The recovery is also progressing at a crawl in the hardest-hit places nearer the coast. In Bay County, which includes Panama City and Mexico Beach, vehicle traffic regularly comes to a standstill, utility trucks block roads, and spray-painted pieces of plywood stand in for missing street signs.
But the crowds have dwindled somewhat at places in the county offering free food and water, and lines for gasoline are easing every day. Cellular phone service — still at just 66 percent of normal on Sunday — has been improving. A high school football game was played on Saturday, and public schools were expected to reopen no later than the week of Nov. 12.

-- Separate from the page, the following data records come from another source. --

lemma adapted_hyperbolic_basis:
  assumes h: "adapted n h" and mr: "dim (Rad s UNIV) \<le> 1"
  shows "hyperbolic_basis scale s (n div 2) (n mod 2) (\<lambda>i. h (2 * i - 1)) (\<lambda>i. h (2 * i))"
proof -
  define r d where "r = n div 2" and "d = n mod 2"
  let ?e = "\<lambda>i. h (2 * i - 1)"
  have n: "2 * r + d = n" unfolding r_def d_def by simp
  have span_UNIV: "span (h ` {1..n}) = UNIV"
    using adapted_span[OF h order_refl] Y_top by simp
  have dim_UNIV: "dim (UNIV :: 'v set) = n"
    using dim_Y[of n] Y_top by simp
  have basis: "inj_on h {1..n}" "independent (h ` {1..n})"
    using spanning_family_independent[OF _ span_UNIV] dim_UNIV by simp_all
  have hp: "hyperbolic_pairs s r ?e (\<lambda>i. h (2 * i))"
    using n by (intro adapted_hyperbolic_pairs[OF h order_refl]) auto
  have Rad: "dim (Rad s UNIV) = d \<and> independent (?e ` {r+1..r+d}) \<and> span (?e ` {r+1..r+d}) = Rad s UNIV"
  proof (cases "odd n")
    case True
    then have d: "d = 1" unfolding d_def by (simp add: odd_iff_mod_2_eq_one)
    then have e: "?e ` {r+1..r+d} = {h n}"
      using n by simp
    have hn: "h n \<in> Rad s UNIV" "h n \<noteq> 0"
      using adapted_oddD[OF h, of n] True Y_top odd_pos[of n] by auto
    then have "dim {h n} \<le> dim (Rad s UNIV)" by (intro dim_subset) auto
    then have dim1: "dim (Rad s UNIV) = 1" using mr hn by simp
    have "span {h n} = Rad s UNIV"
      using hn dim1 by (intro span_insert_eq_subspace[of _ "{}", simplified] subspace_Rad) auto
    then show ?thesis using d e dim1 hn by simp
  next
    case False
    then have d: "d = 0" and "2 * r = n"
      using n unfolding d_def by auto
    then have "Rad s UNIV \<subseteq> {0}"
      using Rad_hyperbolic_span[OF hp order_refl, unfolded hseq_split] span_UNIV False by simp
    then have "Rad s UNIV = {0}"
      using subspace_0[OF subspace_Rad[OF subspace_UNIV]] by auto
    then show ?thesis using d by (simp add: independent_empty)
  qed
  have "rank scale s UNIV = 2 * r"
    using Rad dim_UNIV n by (simp add: rank_def)
  then show ?thesis
    using hp basis span_UNIV Rad n
    unfolding hyperbolic_basis_def hseq_split hyperbolic_pairs_def r_def d_def by simp
qed
(* Let $G$ be a finite connected graph with minimum degree at least $2$, and let $w_0(uv)=(d(u)d(v))^{-1/2}$ for each edge $uv$. Then the weighted spectral radius of the universal cover $\widetilde{G}$ of $G$, with the lifted weight $w_0$, satisfies $$\lambda_1(\widetilde{G},w_0)\ge \frac{2\sum_{u\in V(G)}d(u)\sqrt{d(u)-1}}{\sum_{u\in V(G)}d(u)^2}.$$
   Context: $d(u)$ denotes the degree of $u$ in $G$. The universal cover $\widetilde{G}$ of a connected graph $G$ is the (possibly infinite) tree whose vertices are the non-backtracking walks $(v_0,\dots,v_i)$ in $G$ (walks with $v_j\ne v_{j+2}$ for all $j$) starting at a fixed vertex $v_0$, two walks adjacent iff one is a one-step extension of the other; the edge between $(v_0,\dots,v_{i-1})$ and $(v_0,\dots,v_i)$ receives weight $w_0(v_{i-1}v_i)$. The weighted spectral radius $\lambda_1(\widetilde{G},w_0)$ is the spectral radius of the (bounded) weighted adjacency operator of $\widetilde{G}$, whose $(x,y)$-entry is the weight of $xy$ if $xy$ is an edge and $0$ otherwise. *)

theory Defs
  imports Complex_Main
begin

On Friday night in Panama City Beach, a band played at a cafe known as Dat Cajun Place while servers brought out heaping platters of shrimp Creole and bread pudding.
There were a few reminders, though, that life had not fully returned to normal: Utility workers filled a few tables, bottled water was served because of contamination fears, and last call was at 8:30 p.m. on account of the local curfew.
Andreasen thinks he can relax Jackson County’s 7:30 p.m. curfew next week. But even as he tries to kick-start normalcy in the county, he is beginning to grapple with the years of recovery that loom ahead, and the toll it has taken on his own family, which has relocated over the state line to Enterprise, Alabama.
“I was talking to this girl the other day who told me how she had lost everything,” he said — his voice suddenly choking with emotion.
“Then I realized I’d lost everything, too.”